** Opening TASK INPUTS block **

(* Let $p\ge 2$, $d\in\{0,\dots,9\}$ and $n\ge 10^{p-1}$ be integers, and let $k=\max\{i\in\mathbb N:10^{i+p}\le n\}$ (with $k=-1$ if this set is empty). Then $$P_{(d,n,p)}=\frac{1}{n+1-10^{p-1}}\Big(P_{(d,10^{k+p}-1,p)}\times(10^{k+p}-10^{p-1})+r_{(n,d,p)}\Big),$$ where, when $k=-1$, the product $P_{(d,10^{k+p}-1,p)}\times(10^{k+p}-10^{p-1})$ is taken to be $0$, and where, with $l=\big\lfloor\frac{n-(10^{p-1}+d)10^{k+1}}{10^{k+2}}\big\rfloor+10^{p-2}$: if the $p$-th digit of $n$ is $d$, \begin{align*} r_{(n,d,p)}=&\sum_{j=10^{p-2}}^{l}\ \sum_{b=(10j+d)10^{k+1}}^{\min(n,(10j+(d+1))10^{k+1}-1)}\frac{b-((9j+d)10^{k+1}+10^{p-2}-1)}{b+1-10^{p-1}}\\ &+\sum_{j=10^{p-2}-1}^{l-1}\ \sum_{a=\max(10^{p+k},(10j+(d+1))10^{k+1})}^{(10(j+1)+d)10^{k+1}-1}\frac{10^{k+1}(j+1)-10^{p-2}}{a+1-10^{p-1}}, \end{align*} and if the $p$-th digit of $n$ is different from $d$, \begin{align*} r_{(n,d,p)}=&\sum_{j=10^{p-2}}^{l}\ \sum_{b=(10j+d)10^{k+1}}^{(10j+(d+1))10^{k+1}-1}\frac{b-((9j+d)10^{k+1}+10^{p-2}-1)}{b+1-10^{p-1}}\\ &+\sum_{j=10^{p-2}-1}^{l}\ \sum_{a=\max(10^{p+k},(10j+(d+1))10^{k+1})}^{\min(n,(10(j+1)+d)10^{k+1}-1)}\frac{10^{k+1}(j+1)-10^{p-2}}{a+1-10^{p-1}}. \end{align*}
   Context: For an integer $x\ge 10^{p-1}$, the "$p$-th digit of $x$" is the $p$-th digit of its decimal expansion counted from the left. For $d\in\{0,\dots,9\}$ and $m\ge 10^{p-1}$, let $N_d(m)$ be the number of integers $x$ with $10^{p-1}\le x\le m$ whose $p$-th digit is $d$. For $N\ge 10^{p-1}$, $$P_{(d,N,p)}=\frac{1}{N+1-10^{p-1}}\sum_{m=10^{p-1}}^{N}\frac{N_d(m)}{m+1-10^{p-1}},$$ the probability that the $p$-th digit of $x$ is $d$ when $m$ is chosen uniformly in $\{10^{p-1},\dots,N\}$ and then $x$ uniformly in $\{10^{p-1},\dots,m\}$. Empty sums are zero. *)

theory Defs
  imports Complex_Main
begin

definition num_digits :: "nat \<Rightarrow> nat" where
  "num_digits x = (LEAST i. x < 10 ^ i)"

text \<open>The p-th decimal digit of x counted from the left (meaningful for x \<ge> 10^(p-1)).\<close>
definition pth_digit :: "nat \<Rightarrow> nat \<Rightarrow> nat" where
  "pth_digit p x = (x div 10 ^ (num_digits x - p)) mod 10"

definition Ncount :: "nat \<Rightarrow> nat \<Rightarrow> nat \<Rightarrow> nat" where
  "Ncount p d m = card {x. 10 ^ (p - 1) \<le> x \<and> x \<le> m \<and> pth_digit p x = d}"

definition Pprob :: "nat \<Rightarrow> nat \<Rightarrow> nat \<Rightarrow> real" where
  "Pprob d N p = (1 / (real N + 1 - 10 ^ (p - 1))) *
     (\<Sum>m\<in>{10 ^ (p - 1)..N}. real (Ncount p d m) / (real m + 1 - 10 ^ (p - 1)))"

end

theory Submission
  imports Defs
begin

text \<open>
Let \<open>T = 10^(p-2)\<close> and \<open>D = 10^(k+1)\<close>, so that \<open>n\<close> lies in the block
\<open>[10 T D, 100 T D)\<close> of numbers with \<open>p + k + 1\<close> digits; there the \<open>p\<close>-th digit of \<open>m\<close> is
\<open>m div D mod 10\<close>. The terms of \<open>P(d,n,p)\<close> with \<open>m < 10 T D\<close> add up to
\<open>P(d, 10 T D - 1, p)\<close> times their number. For \<open>m\<close> in the block, \<open>N_d(m) = c(m) - T\<close>, where
\<open>c(m)\<close> counts all \<open>0 \<le> x \<le> m\<close> with \<open>x div D mod 10 = d\<close> (induction over the blocks).
The closed form of \<open>c\<close> is affine on each run \<open>[(10j+d) D, (10j+d+1) D)\<close> of numbers having
digit \<open>d\<close> and equals \<open>(j+1) D\<close> on the gap between the \<open>j\<close>-th and the next run; grouping the
terms of the block by runs and gaps gives \<open>r\<close>, the last run or gap being cut off at \<open>n\<close>.
\<close>

lemma int_le_div_iff:
  fixes m q D :: int
  assumes "0 < D"
  shows "q \<le> m div D \<longleftrightarrow> q * D \<le> m"
proof
  assume "q \<le> m div D"
  then have "q * D \<le> m div D * D" using assms by (simp add: mult_right_mono)
  also have "\<dots> \<le> m" using assms by (simp add: minus_mod_eq_div_mult [symmetric])
  finally show "q * D \<le> m" .
next
  assume "q * D \<le> m"
  then have "q * D div D \<le> m div D" using assms by (rule zdiv_mono1)
  then show "q \<le> m div D" using assms by simp
qed

lemma int_div_less_iff:
  fixes m q D :: int
  assumes "0 < D"
  shows "m div D < q \<longleftrightarrow> m < q * D"
  using int_le_div_iff [OF assms, of q m] by linarith

text \<open>
For \<open>D > 0\<close> and \<open>0 \<le> d \<le> 9\<close>, \<open>digit_count D d y\<close> is the number of \<open>0 \<le> x \<le> y\<close> with
\<open>x div D mod 10 = d\<close>: each complete period of \<open>10 D\<close> numbers contributes \<open>D\<close>, the incomplete
one \<open>D\<close>, \<open>y mod D + 1\<close> or \<open>0\<close>. It lives on \<open>int\<close> so that the empty range \<open>y = -1\<close> is covered.
\<close>
definition digit_count :: "int \<Rightarrow> int \<Rightarrow> int \<Rightarrow> int" where
  "digit_count D d y = y div D div 10 * D +
     (if d < y div D mod 10 then D else if y div D mod 10 = d then y mod D + 1 else 0)"

lemma digit_count_succ:
  assumes "0 < D" "0 \<le> d" "d \<le> 9"
  shows "digit_count D d (y + 1) = digit_count D d y + (if (y + 1) div D mod 10 = d then 1 else 0)"
proof -
  define q r where "q = y div D" and "r = y mod D"
  have y: "y = D * q + r" and r: "0 \<le> r" "r < D"
    using assms by (simp_all add: q_def r_def)
  show ?thesis
  proof (cases "r + 1 < D")
    case True
    then have "(y + 1) div D = q" "(y + 1) mod D = r + 1"
      using y r by (simp_all add: int_div_pos_eq int_mod_pos_eq)
    then show ?thesis unfolding digit_count_def q_def r_def by simp
  next
    case False
    then have r1: "r + 1 = D" using r by simp
    then have "y + 1 = D * (q + 1) + 0" using y by (simp add: algebra_simps)
    then have qr: "(y + 1) div D = q + 1" "(y + 1) mod D = 0"
      using assms by (simp_all add: int_div_pos_eq int_mod_pos_eq)
    have "0 \<le> q mod 10" "q mod 10 < 10" by simp_all
    then consider "q mod 10 = 9" | "q mod 10 < 9" by linarith
    then show ?thesis
    proof cases
      case 1
      have "q = 10 * (q div 10) + q mod 10" by simp
      then have "q + 1 = 10 * (q div 10 + 1) + 0" using 1 by simp
      from int_div_pos_eq [OF this] int_mod_pos_eq [OF this]
      have "(q + 1) div 10 = q div 10 + 1" "(q + 1) mod 10 = 0" by simp_all
      with 1 show ?thesis
        using assms unfolding digit_count_def qr q_def [symmetric] r_def [symmetric] r1
        by (auto simp: algebra_simps)
    next
      case 2
      have "q + 1 = 10 * (q div 10) + (q mod 10 + 1)" by simp
      from int_div_pos_eq [OF this] int_mod_pos_eq [OF this]
      have "(q + 1) div 10 = q div 10" "(q + 1) mod 10 = q mod 10 + 1"
        using 2 \<open>0 \<le> q mod 10\<close> by simp_all
      with 2 show ?thesis unfolding digit_count_def qr q_def [symmetric] r_def [symmetric] r1 by auto
    qed
  qed
qed

lemma digit_count_minus_one:
  assumes "0 < D" "0 \<le> d" "d \<le> 9"
  shows "digit_count D d (- 1) = 0"
proof -
  have "- 1 = D * (- 1) + (D - 1)" by simp
  from int_div_pos_eq [OF this] int_mod_pos_eq [OF this]
  have "(- 1) div D = - 1" "(- 1) mod D = D - 1" using assms by simp_all
  then show ?thesis using assms unfolding digit_count_def by auto
qed

lemma card_digit_eq_less:
  assumes "0 < D" "d \<le> 9"
  shows "int (card {x. x < a \<and> x div D mod 10 = d}) = digit_count (int D) (int d) (int a - 1)"
proof (induction a)
  case 0
  then show ?case using digit_count_minus_one assms by simp
next
  case (Suc a)
  have "{x. x < Suc a \<and> x div D mod 10 = d} =
      {x. x < a \<and> x div D mod 10 = d} \<union> (if a div D mod 10 = d then {a} else {})"
    by (auto simp: less_Suc_eq)
  then have "card {x. x < Suc a \<and> x div D mod 10 = d} =
      card {x. x < a \<and> x div D mod 10 = d} + (if a div D mod 10 = d then 1 else 0)"
    by (simp add: card_Un_disjoint)
  moreover have "int (a div D mod 10) = int a div int D mod 10"
    by (simp add: zdiv_int zmod_int)
  ultimately show ?case
    using Suc.IH digit_count_succ [of "int D" "int d" "int a - 1"] assms by auto
qed

lemma digit_count_period_end:
  assumes "0 < T" "0 < D" "0 \<le> d" "d \<le> 9"
  shows "digit_count D d (10 * T * D - 1) = T * D"
proof -
  have "10 * T * D - 1 = D * (10 * T - 1) + (D - 1)" by (simp add: algebra_simps)
  from int_div_pos_eq [OF this] int_mod_pos_eq [OF this]
  have y: "(10 * T * D - 1) div D = 10 * T - 1" "(10 * T * D - 1) mod D = D - 1" using assms by simp_all
  have "10 * T - 1 = 10 * (T - 1) + 9" by simp
  from int_div_pos_eq [OF this] int_mod_pos_eq [OF this]
  have q: "(10 * T - 1) div 10 = T - 1" "(10 * T - 1) mod 10 = 9" by simp_all
  show ?thesis using assms unfolding digit_count_def y q by (auto simp: algebra_simps)
qed

lemma card_digit_eq_between:
  assumes "0 < D" "d \<le> 9" "a \<le> Suc m"
  shows "int (card {x. a \<le> x \<and> x \<le> m \<and> x div D mod 10 = d}) =
    digit_count (int D) (int d) (int m) - digit_count (int D) (int d) (int a - 1)"
proof -
  have "{x. x < Suc m \<and> x div D mod 10 = d} =
      {x. x < a \<and> x div D mod 10 = d} \<union> {x. a \<le> x \<and> x \<le> m \<and> x div D mod 10 = d}"
    using assms(3) by auto
  then have "card {x. x < Suc m \<and> x div D mod 10 = d} =
      card {x. x < a \<and> x div D mod 10 = d} + card {x. a \<le> x \<and> x \<le> m \<and> x div D mod 10 = d}"
    by (simp add: card_Un_disjoint disjoint_iff)
  then have "int (card {x. a \<le> x \<and> x \<le> m \<and> x div D mod 10 = d}) =
      int (card {x. x < Suc m \<and> x div D mod 10 = d}) - int (card {x. x < a \<and> x div D mod 10 = d})"
    by simp
  then show ?thesis unfolding card_digit_eq_less [OF assms(1,2)] by simp
qed

lemma num_digits_eq:
  assumes "10 ^ i \<le> x" "x < 10 ^ Suc i"
  shows "num_digits x = Suc i"
  unfolding num_digits_def
proof (rule Least_equality)
  fix j assume "x < 10 ^ j"
  with assms(1) have "(10::nat) ^ i < 10 ^ j" by linarith
  then show "Suc i \<le> j" by simp
qed (fact assms(2))

lemma pth_digit_eq:
  assumes "1 \<le> p" "10 ^ (p - 1) * 10 ^ s \<le> x" "x < 10 ^ p * 10 ^ s"
  shows "pth_digit p x = x div 10 ^ s mod 10"
proof -
  have "num_digits x = Suc (p - 1 + s)"
  proof (rule num_digits_eq)
    show "10 ^ (p - 1 + s) \<le> x" unfolding power_add by (fact assms(2))
    have "Suc (p - 1 + s) = p + s" using assms(1) by simp
    then show "x < 10 ^ Suc (p - 1 + s)" using assms(3) by (simp only: power_add)
  qed
  then show ?thesis unfolding pth_digit_def using assms(1) by simp
qed

lemma Ncount_split:
  assumes "10 ^ (p - 1) \<le> a" "a \<le> Suc m"
  shows "Ncount p d m = Ncount p d (a - 1) + card {x. a \<le> x \<and> x \<le> m \<and> pth_digit p x = d}"
proof -
  let ?P = "\<lambda>x. pth_digit p x = d"
  have "a \<ge> 1" using assms(1) order.trans [of 1 "10 ^ (p - 1)" a] by simp
  then have "{x. 10 ^ (p - 1) \<le> x \<and> x \<le> m \<and> ?P x} =
      {x. 10 ^ (p - 1) \<le> x \<and> x \<le> a - 1 \<and> ?P x} \<union> {x. a \<le> x \<and> x \<le> m \<and> ?P x}"
    using assms by auto
  moreover have "finite {x. 10 ^ (p - 1) \<le> x \<and> x \<le> a - 1 \<and> ?P x}"
    by (rule finite_subset [of _ "{..a - 1}"]) auto
  moreover have "finite {x. a \<le> x \<and> x \<le> m \<and> ?P x}"
    by (rule finite_subset [of _ "{..m}"]) auto
  ultimately show ?thesis
    unfolding Ncount_def using \<open>a \<ge> 1\<close> by (subst card_Un_disjoint [symmetric]) auto
qed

** Closing TASK INPUTS block **

## WHAT YOU WILL DO
Scan the lines above for the word "real" and copy every one where it occurs.

## RESULT
definition Pprob :: "nat \<Rightarrow> nat \<Rightarrow> nat \<Rightarrow> real" where
  "Pprob d N p = (1 / (real N + 1 - 10 ^ (p - 1))) *
     (\<Sum>m\<in>{10 ^ (p - 1)..N}. real (Ncount p d m) / (real m + 1 - 10 ^ (p - 1)))"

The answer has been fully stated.